This weekend and last are such a contrast.

Last weekend (the Easter weekend) held for us two church services, a birthday party, a family dinner and not much else. Our down time was spent watching BCDs (British Crime Dramas), playing with our puppy and few household chores.

This weekend we have spent all of Saturday doing chores around the house to knock a few things off the legendary to do list. The power washer was in full force, paint was utilized, the garage and storage area of our basement organized, deck furniture cleaned and put into summer position. And that is only one day!

As we were outside we got to meet a neighbor. She is in her seventies, a widower who is involved in local theatre, loves gardening and is a sun-seeker (I think we might be kindred sprits). Her smile is warm and welcoming and her eyes sparkle.

“When you do what you love,” she said of her late in life discovery of joy in acting, “life is just better.”

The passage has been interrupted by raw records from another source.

text \<open>The homomorphism h is split into its restriction hC to conditions
(into places) and hE to events (into transitions).\<close>

definition branching_process ::
  "'p set \<Rightarrow> 't set \<Rightarrow> ('p \<times> 't) set \<Rightarrow> ('t \<times> 'p) set \<Rightarrow> ('p \<Rightarrow> nat) \<Rightarrow>
   'n set \<Rightarrow> 'n set \<Rightarrow> ('n \<times> 'n) set \<Rightarrow> ('n \<Rightarrow> 'p) \<Rightarrow> ('n \<Rightarrow> 't) \<Rightarrow> bool" where
  "branching_process P T Fin Fout M0 C E G hC hE \<longleftrightarrow>
     occurrence_net C E G \<and> hC ` C \<subseteq> P \<and> hE ` E \<subseteq> T \<and>
     (\<forall>e \<in> E. bij_betw hC (preN G e) (pret Fin (hE e)) \<and>
              bij_betw hC (postN G e) (postt Fout (hE e))) \<and>
     finite (MinO C G) \<and> (\<forall>p. hmark hC (MinO C G) p = M0 p) \<and>
     (\<forall>e1 \<in> E. \<forall>e2 \<in> E. preN G e1 = preN G e2 \<and> hE e1 = hE e2 \<longrightarrow> e1 = e2)"

text \<open>The unfolding: the maximal branching process, characterized (up to
isomorphism) as a branching process admitting no further possible extension.\<close>
definition is_unfolding ::
  "'p set \<Rightarrow> 't set \<Rightarrow> ('p \<times> 't) set \<Rightarrow> ('t \<times> 'p) set \<Rightarrow> ('p \<Rightarrow> nat) \<Rightarrow>
   'n set \<Rightarrow> 'n set \<Rightarrow> ('n \<times> 'n) set \<Rightarrow> ('n \<Rightarrow> 'p) \<Rightarrow> ('n \<Rightarrow> 't) \<Rightarrow> bool" where
  "is_unfolding P T Fin Fout M0 C E G hC hE \<longleftrightarrow>
     branching_process P T Fin Fout M0 C E G hC hE \<and>
     (\<forall>t \<in> T. \<forall>B. B \<subseteq> C \<and> co_set E G B \<and> bij_betw hC B (pret Fin t) \<longrightarrow>
                 (\<exists>e \<in> E. preN G e = B \<and> hE e = t))"

definition configuration :: "'n set \<Rightarrow> ('n \<times> 'n) set \<Rightarrow> 'n set \<Rightarrow> bool" where
  "configuration E G K \<longleftrightarrow>
     K \<subseteq> E \<and> finite K \<and>
     (\<forall>e \<in> K. \<forall>e' \<in> E. lessN G e' e \<longrightarrow> e' \<in> K) \<and>
     (\<forall>x \<in> K. \<forall>y \<in> K. \<not> conflict E G x y)"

I continued considering her words the rest of the day and into this new morning. But, I also considered them in relation to something my hubby said of those who are aging,

“There are those who are living to die,
while others are dying to live.”

Last weekend was a good one, a mix of peopling and rest, but … maybe too much rest. I remember waking last Tuesday and my body ached … from doing nothing. This weekend I have kibitzed and laughed with my neighbors, moved heavy things, painted a table, swept and cleaned. I love doing these things, I am confident in doing them. My body is a bit achy this morning, but … I feel good! Progress was made, things got done.

I realized this morning that movement is key to keep this body feeling better … sitting still, though good for a bit, will not prevent the aches and stiffness associated with a moving-beyond-midlife body.

The same is for our minds. It is not healthy to sit still with thoughts for too long. Pain from mulling over our worries and sorrows can steal life from our souls. We cannot benefit from sitting still with our pain and struggles. We need to face problems that we can solve, to stretch our minds from problem to solution (whether it is arranging furniture, deciding on a paint color for a table or doing a crossword or jigsaw puzzle). Our minds need variety, engagement, the ability to do things that feed our souls, that we are confident in doing.

I want to be dying to live … all the days, every breath of my life, because life is just better that way.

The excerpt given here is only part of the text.